In a surprise twist, Biogen then announced plans to revive the research into the experimental therapy in October, after further analysis of promising results from a subset of patients in the phase 3 EMERGE study.

In the EMERGE trial, data showed that patients who received sufficient exposure to high doses of the drug experienced significant benefits on measures of cognition and function, including memory, orientation and language. The second phase 3 ENGAGE trial, on the other hand, didn’t show clinical efficacy for the drug, with many critics saying that the data is not strong enough to warrant FDA approval.

Although experts have found that the data is complex and hard to interpret, the fact that there are currently no approved treatments for Alzheimer’s on the market could prove to be enough to get aducanumab to the finish line, considering the FDA will be eager to approve new therapies for the mind-wasting disease.

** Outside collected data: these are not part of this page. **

text \<open>Write A for the adjacency matrix, d for the degree vector and c = 1 - 1/\<omega>.
By the Motzkin--Straus inequality x^T A x \<le> c (\<Sum>x)^2 \<le> c n |x|^2 for x \<ge> 0, hence
|x^T A x| \<le> c n |x|^2 for every x. Polarizing at the all-one vector and d bounds
\<Sum> d^2 = 1^T A d by c n \<surd>n |d|, i.e. the quadratic mean of the degrees is at most c n.
The hypothesis says it equals c n, which forces equality in Cauchy--Schwarz: G is regular,
and every vertex has exactly k = n/\<omega> non-neighbours (counting itself).
If xy and yz were non-edges but xz an edge, a greedy clique in the neighbourhood of x
started at z would have at least \<omega> vertices, and adding x would exceed the clique number.
So non-adjacency is an equivalence relation, and its classes, of size k, are the \<omega> parts.\<close>

lemma simple_graph_finite: "simple_graph V E \<Longrightarrow> finite V"
  by (simp add: simple_graph_def)

lemma simple_graph_sym: "simple_graph V E \<Longrightarrow> E a b \<Longrightarrow> E b a"
  by (simp add: simple_graph_def)

lemma simple_graph_irrefl: "simple_graph V E \<Longrightarrow> \<not> E a a"
  by (simp add: simple_graph_def)

lemma clique_number_finite:
  assumes "simple_graph V E"
  shows "finite {card C | C. is_clique V E C}"
proof -
  have "{card C | C. is_clique V E C} \<subseteq> {..card V}"
    using simple_graph_finite[OF assms] by (auto simp: is_clique_def intro: card_mono)
  then show ?thesis by (rule finite_subset) simp
qed

lemma card_le_clique_number:
  "simple_graph V E \<Longrightarrow> is_clique V E C \<Longrightarrow> card C \<le> clique_number V E"
  unfolding clique_number_def by (auto intro: Max_ge clique_number_finite)

lemma clique_number_ge_1:
  assumes "simple_graph V E" and "V \<noteq> {}"
  shows "1 \<le> clique_number V E"
proof -
  obtain v where "v \<in> V" using assms(2) by auto
  then have "is_clique V E {v}" by (simp add: is_clique_def)
  from card_le_clique_number[OF assms(1) this] show ?thesis by simp
qed

lemma sum_sum_diff_squares:
  fixes f :: "'b \<Rightarrow> real"
  shows "(\<Sum>a\<in>A. \<Sum>b\<in>A. (f a - f b)^2) = 2 * (real (card A) * (\<Sum>a\<in>A. (f a)^2) - (\<Sum>a\<in>A. f a)^2)"
proof -
  have sq_left: "(\<Sum>a\<in>A. \<Sum>b\<in>A. (f a)^2) = real (card A) * (\<Sum>a\<in>A. (f a)^2)"
    by (simp add: sum_distrib_left mult.commute)
  have sq_right: "(\<Sum>a\<in>A. \<Sum>b\<in>A. (f b)^2) = real (card A) * (\<Sum>a\<in>A. (f a)^2)"
    by simp
  have prod: "(\<Sum>a\<in>A. \<Sum>b\<in>A. f a * f b) = (\<Sum>a\<in>A. f a)^2"
    by (simp add: power2_eq_square sum_product)
  have "(\<Sum>a\<in>A. \<Sum>b\<in>A. (f a - f b)^2)
      = (\<Sum>a\<in>A. \<Sum>b\<in>A. (f a)^2) + (\<Sum>a\<in>A. \<Sum>b\<in>A. (f b)^2) - 2 * (\<Sum>a\<in>A. \<Sum>b\<in>A. f a * f b)"
    by (simp add: power2_diff sum.distrib sum_subtractf sum_distrib_left mult.assoc)
  also have "\<dots> = 2 * (real (card A) * (\<Sum>a\<in>A. (f a)^2) - (\<Sum>a\<in>A. f a)^2)"
    unfolding sq_left sq_right prod by simp
  finally show ?thesis .
qed

lemma square_sum_le_card_mult_sum_squares:
  fixes f :: "'b \<Rightarrow> real"
  shows "(\<Sum>a\<in>A. f a)^2 \<le> real (card A) * (\<Sum>a\<in>A. (f a)^2)"
proof -
  have "0 \<le> (\<Sum>a\<in>A. \<Sum>b\<in>A. (f a - f b)^2)" by (intro sum_nonneg) auto
  then show ?thesis unfolding sum_sum_diff_squares by simp
qed

lemma const_if_square_sum_eq_card_mult_sum_squares:
  fixes f :: "'b \<Rightarrow> real"
  assumes "finite A" and "(\<Sum>a\<in>A. f a)^2 = real (card A) * (\<Sum>a\<in>A. (f a)^2)"
    and "a \<in> A" and "b \<in> A"
  shows "f a = f b"
proof -
  have "(\<Sum>a\<in>A. \<Sum>b\<in>A. (f a - f b)^2) = 0"
    unfolding sum_sum_diff_squares assms(2) by simp
  then have "\<forall>x\<in>A. (\<Sum>y\<in>A. (f x - f y)^2) = 0"
    using assms(1) by (subst (asm) sum_nonneg_eq_0_iff) (auto intro: sum_nonneg)
  then have "(\<Sum>y\<in>A. (f a - f y)^2) = 0" using assms(3) by blast
  then have "(f a - f b)^2 = 0"
    using sum_nonneg_eq_0_iff[OF assms(1), of "\<lambda>y. (f a - f y)^2"] assms(4) by simp
  then show ?thesis by simp
qed

definition adj_form :: "'a set \<Rightarrow> ('a \<Rightarrow> 'a \<Rightarrow> bool) \<Rightarrow> ('a \<Rightarrow> real) \<Rightarrow> ('a \<Rightarrow> real) \<Rightarrow> real" where
  "adj_form V E x y = (\<Sum>a\<in>V. \<Sum>b\<in>V. if E a b then x a * y b else 0)"

lemma adj_form_sym:
  assumes "simple_graph V E"
  shows "adj_form V E x y = adj_form V E y x"
proof -
  have "adj_form V E x y = (\<Sum>b\<in>V. \<Sum>a\<in>V. if E a b then x a * y b else 0)"
    unfolding adj_form_def by (rule sum.swap)
  also have "\<dots> = adj_form V E y x"
    unfolding adj_form_def
    by (intro sum.cong refl) (use simple_graph_sym[OF assms] in \<open>auto simp: mult.commute\<close>)
  finally show ?thesis .
qed

lemma adj_form_add_scaled:
  "adj_form V E (\<lambda>w. x w + t * f w) (\<lambda>w. x w + t * f w)
   = adj_form V E x x + t * adj_form V E x f + t * adj_form V E f x + t^2 * adj_form V E f f"
proof -
  have "\<And>a b. (if E a b then (x a + t * f a) * (x b + t * f b) else 0) =
     (if E a b then x a * x b else 0) + t * (if E a b then x a * f b else 0)
     + t * (if E a b then f a * x b else 0) + t^2 * (if E a b then f a * f b else 0)"
    by (simp add: algebra_simps power2_eq_square)
  then show ?thesis
    by (simp add: adj_form_def sum.distrib sum_distrib_left)
qed

lemma adj_form_transfer_eq_0:
  assumes "simple_graph V E" and "\<not> E u v"
  defines "f \<equiv> \<lambda>w. (if w = u then 1 else 0) - (if w = v then 1 else 0 :: real)"
  shows "adj_form V E f f = 0"
proof -
  have "(if E a b then f a * f b else 0) = 0" for a b
    using assms simple_graph_sym[OF assms(1)] simple_graph_irrefl[OF assms(1)] by auto
  then show ?thesis by (simp add: adj_form_def)
qed

lemma adj_form_le_if_support_clique:
  assumes G: "simple_graph V E" and clique: "is_clique V E {v\<in>V. x v \<noteq> 0}"
  shows "adj_form V E x x \<le> (1 - 1 / real (clique_number V E)) * (\<Sum>v\<in>V. x v)^2"
proof -
  define S where "S = {v\<in>V. x v \<noteq> 0}"
  have fin: "finite V" using simple_graph_finite[OF G] .
  have terms: "(if E a b then x a * x b else 0) = x a * x b - (if a = b then x a * x b else 0)"
    if "a \<in> V" "b \<in> V" for a b
    using that clique simple_graph_irrefl[OF G] unfolding is_clique_def by auto
  have "adj_form V E x x = (\<Sum>a\<in>V. \<Sum>b\<in>V. x a * x b) - (\<Sum>a\<in>V. (x a)^2)"
    unfolding adj_form_def using fin
    by (simp add: terms sum_subtractf power2_eq_square cong: sum.cong)
  also have "(\<Sum>a\<in>V. \<Sum>b\<in>V. x a * x b) = (\<Sum>v\<in>V. x v)^2"
    by (simp add: power2_eq_square sum_product)
  finally have form: "adj_form V E x x = (\<Sum>v\<in>V. x v)^2 - (\<Sum>v\<in>V. (x v)^2)" .
  have sum_S: "(\<Sum>v\<in>V. g (x v)) = (\<Sum>v\<in>S. g (x v))" if "g 0 = 0" for g :: "real \<Rightarrow> real"
    unfolding S_def using fin that by (intro sum.mono_neutral_right) auto
  have cs: "(\<Sum>v\<in>V. x v)^2 \<le> real (card S) * (\<Sum>v\<in>V. (x v)^2)"
    using square_sum_le_card_mult_sum_squares[of x S] sum_S[of id] sum_S[of "\<lambda>t. t^2"] by simp
  show ?thesis
  proof (cases "S = {}")
    case True
    then show ?thesis using form sum_S[of id] by (simp add: sum_nonneg)
  next
    case False
    then have pos: "real (card S) > 0" using fin by (simp add: S_def card_gt_0_iff)
    have "card S \<le> clique_number V E"
      using card_le_clique_number[OF G clique] by (simp add: S_def)
    then have "(\<Sum>v\<in>V. x v)^2 / real (clique_number V E) \<le> (\<Sum>v\<in>V. x v)^2 / real (card S)"
      using pos by (intro divide_left_mono) auto
    also have "\<dots> \<le> (\<Sum>v\<in>V. (x v)^2)"
      using cs pos by (simp add: divide_le_eq mult.commute)
    finally show ?thesis using form by (simp add: algebra_simps)
  qed
qed

lemma motzkin_straus:
  assumes G: "simple_graph V E" and nonneg: "\<forall>v\<in>V. 0 \<le> x v"
  shows "adj_form V E x x \<le> (1 - 1 / real (clique_number V E)) * (\<Sum>v\<in>V. x v)^2"
  using nonneg
proof (induction "card {v\<in>V. x v \<noteq> 0}" arbitrary: x rule: less_induct)
  case less
  define S where "S = {v\<in>V. x v \<noteq> 0}"
  define c where "c = 1 - 1 / real (clique_number V E)"
  have finS: "finite S" using simple_graph_finite[OF G] by (simp add: S_def)
  show ?case
  proof (cases "is_clique V E S")
    case True
    then show ?thesis using adj_form_le_if_support_clique[OF G] by (simp add: S_def)
  next
    case False
    then obtain u v where uv: "u \<in> S" "v \<in> S" "u \<noteq> v" "\<not> E u v"
      unfolding is_clique_def S_def by auto
    define f :: "'a \<Rightarrow> real" where "f = (\<lambda>w. (if w = u then 1 else 0) - (if w = v then 1 else 0))"
    define L where "L = adj_form V E x f + adj_form V E f x"
    have sum_f: "(\<Sum>w\<in>V. f w) = 0"
      using simple_graph_finite[OF G] uv by (simp add: f_def S_def sum_subtractf)
    txt \<open>Moving weight between the nonadjacent vertices u and v changes the form linearly,
      so one of the two directions does not decrease it and empties u or v.\<close>
    have shift: "adj_form V E x x \<le> c * (\<Sum>w\<in>V. x w)^2"
      if "0 \<le> t * L" and y_nonneg: "\<forall>w\<in>V. 0 \<le> x w + t * f w"
        and "z \<in> S" and "x z + t * f z = 0" for t z
    proof -
      let ?y = "\<lambda>w. x w + t * f w"
      have "{w\<in>V. ?y w \<noteq> 0} \<subseteq> S - {z}"
        using that uv by (auto simp: S_def f_def split: if_splits)
      then have "card {w\<in>V. ?y w \<noteq> 0} < card S"
        using finS \<open>z \<in> S\<close> by (meson card_Diff1_less card_mono finite_Diff le_less_trans)
      then have "adj_form V E ?y ?y \<le> c * (\<Sum>w\<in>V. ?y w)^2"
        using less.hyps y_nonneg by (simp add: S_def c_def)
      moreover have "(\<Sum>w\<in>V. ?y w) = (\<Sum>w\<in>V. x w)"
        using sum_f by (simp add: sum.distrib flip: sum_distrib_left)
      moreover have "adj_form V E ?y ?y = adj_form V E x x + t * L"
        using adj_form_add_scaled[of V E x t f] adj_form_transfer_eq_0[OF G uv(4)]
        by (simp add: L_def f_def algebra_simps)
      ultimately show ?thesis using \<open>0 \<le> t * L\<close> by simp
    qed
    have "0 \<le> x u" "0 \<le> x v" using less.prems uv by (auto simp: S_def)
    show ?thesis
    proof (cases "0 \<le> L")
      case True
      have "\<forall>w\<in>V. 0 \<le> x w + x v * f w" using less.prems uv \<open>0 \<le> x u\<close> \<open>0 \<le> x v\<close> by (auto simp: f_def)
      then show ?thesis
        using shift[of "x v" v] True less.prems uv by (simp add: f_def S_def c_def)
    next
      case False
      have "\<forall>w\<in>V. 0 \<le> x w - x u * f w" using less.prems uv \<open>0 \<le> x u\<close> \<open>0 \<le> x v\<close> by (auto simp: f_def)
      then show ?thesis
        using shift[of "- x u" u] False less.prems uv
        by (simp add: f_def S_def c_def mult_nonneg_nonpos)
    qed
  qed
qed

lemma adj_form_const_left:
  assumes G: "simple_graph V E"
  shows "adj_form V E (\<lambda>_. p) g = p * (\<Sum>a\<in>V. real (degree V E a) * g a)"
proof -
  have "adj_form V E g (\<lambda>_. p) = (\<Sum>a\<in>V. g a * p * real (degree V E a))"
    unfolding adj_form_def degree_def using simple_graph_finite[OF G]
    by (simp add: sum.inter_filter[symmetric] mult.commute)
  then show ?thesis
    using adj_form_sym[OF G] by (simp add: sum_distrib_left mult_ac)
qed

lemma adj_form_polarization:
  "adj_form V E (\<lambda>a. x a + y a) (\<lambda>a. x a + y a) - adj_form V E (\<lambda>a. x a - y a) (\<lambda>a. x a - y a)
   = 2 * (adj_form V E x y + adj_form V E y x)"
proof -
  have "(if E a b then (x a + y a) * (x b + y b) else 0) - (if E a b then (x a - y a) * (x b - y b) else 0)
     = 2 * ((if E a b then x a * y b else 0) + (if E a b then y a * x b else 0))" for a b
    by (simp add: algebra_simps)
  then show ?thesis
    unfolding adj_form_def
    by (simp only: sum_subtractf[symmetric] sum.distrib[symmetric] sum_distrib_left)
qed

lemma adj_form_abs_ge:
  "- adj_form V E w w \<le> adj_form V E (\<lambda>a. \<bar>w a\<bar>) (\<lambda>a. \<bar>w a\<bar>)"
proof -
  have "- adj_form V E w w = (\<Sum>a\<in>V. \<Sum>b\<in>V. if E a b then - (w a * w b) else 0)"
    unfolding adj_form_def by (simp add: sum_negf[symmetric] if_distrib cong: if_cong)
  also have "\<dots> \<le> adj_form V E (\<lambda>a. \<bar>w a\<bar>) (\<lambda>a. \<bar>w a\<bar>)"
    unfolding adj_form_def by (intro sum_mono) (auto simp: abs_mult[symmetric])
  finally show ?thesis .
qed

lemma one_minus_inverse_nonneg: "0 \<le> 1 - 1 / real (n::nat)"
  by (cases n) (auto simp: divide_le_eq)

lemma neg_adj_form_le:
  assumes G: "simple_graph V E"
  shows "- adj_form V E w w \<le> (1 - 1 / real (clique_number V E)) * real (card V) * (\<Sum>a\<in>V. (w a)^2)"
proof -
  have "- adj_form V E w w \<le> (1 - 1 / real (clique_number V E)) * (\<Sum>a\<in>V. \<bar>w a\<bar>)^2"
    using adj_form_abs_ge[of V E w] motzkin_straus[OF G, of "\<lambda>a. \<bar>w a\<bar>"] by simp
  also have "\<dots> \<le> (1 - 1 / real (clique_number V E)) * (real (card V) * (\<Sum>a\<in>V. (w a)^2))"
    using square_sum_le_card_mult_sum_squares[of "\<lambda>a. \<bar>w a\<bar>" V]
    by (intro mult_left_mono one_minus_inverse_nonneg) simp_all
  finally show ?thesis by (simp add: mult.assoc)
qed

lemma adj_form_polarization_degrees:
  assumes G: "simple_graph V E"
  defines "d \<equiv> \<lambda>a. real (degree V E a)"
  shows "adj_form V E (\<lambda>a. p + q * d a) (\<lambda>a. p + q * d a) - adj_form V E (\<lambda>a. p - q * d a) (\<lambda>a. p - q * d a)
    = 4 * p * q * (\<Sum>a\<in>V. (d a)^2)"
proof -
  have "adj_form V E (\<lambda>_. p) (\<lambda>a. q * d a) = p * q * (\<Sum>a\<in>V. (d a)^2)"
    by (simp add: adj_form_const_left[OF G] d_def power2_eq_square sum_distrib_left mult_ac)
  then show ?thesis
    using adj_form_polarization[of V E "\<lambda>_. p" "\<lambda>a. q * d a"] adj_form_sym[OF G] by (simp add: mult_ac)
qed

That fact is aptly summed up by GlobalData analyst Alessio Brunello, who suggested the FDA is “unlikely to turn down aducanumab even if its benefit is modest, given the lack of any therapy that is truly efficacious”.

Now that Biogen has completed the Biologics License Application (BLA) and submitted it to the FDA, the regulatory agency has up to 60 days to decide whether to accept it for review. If accepted, Biogen said it expects the FDA will also inform it whether the application has been granted a priority review designation, which would be a positive signal for the company.

Biogen is relying heavily on the success of aducanumab, given that Mylan recently won a patent challenge allowing it to manufacture and sell a generic version of the former company’s branded multiple sclerosis treatment Tecfidera.

The company’s spinal muscular atrophy Spinraza (nusinersen) is also facing increasing competition from the likes of new therapeutics that include Novartis’ gene therapy Zolgensma (onasemnogene abeparvovec) and Roche’s investigational therapy risdiplam.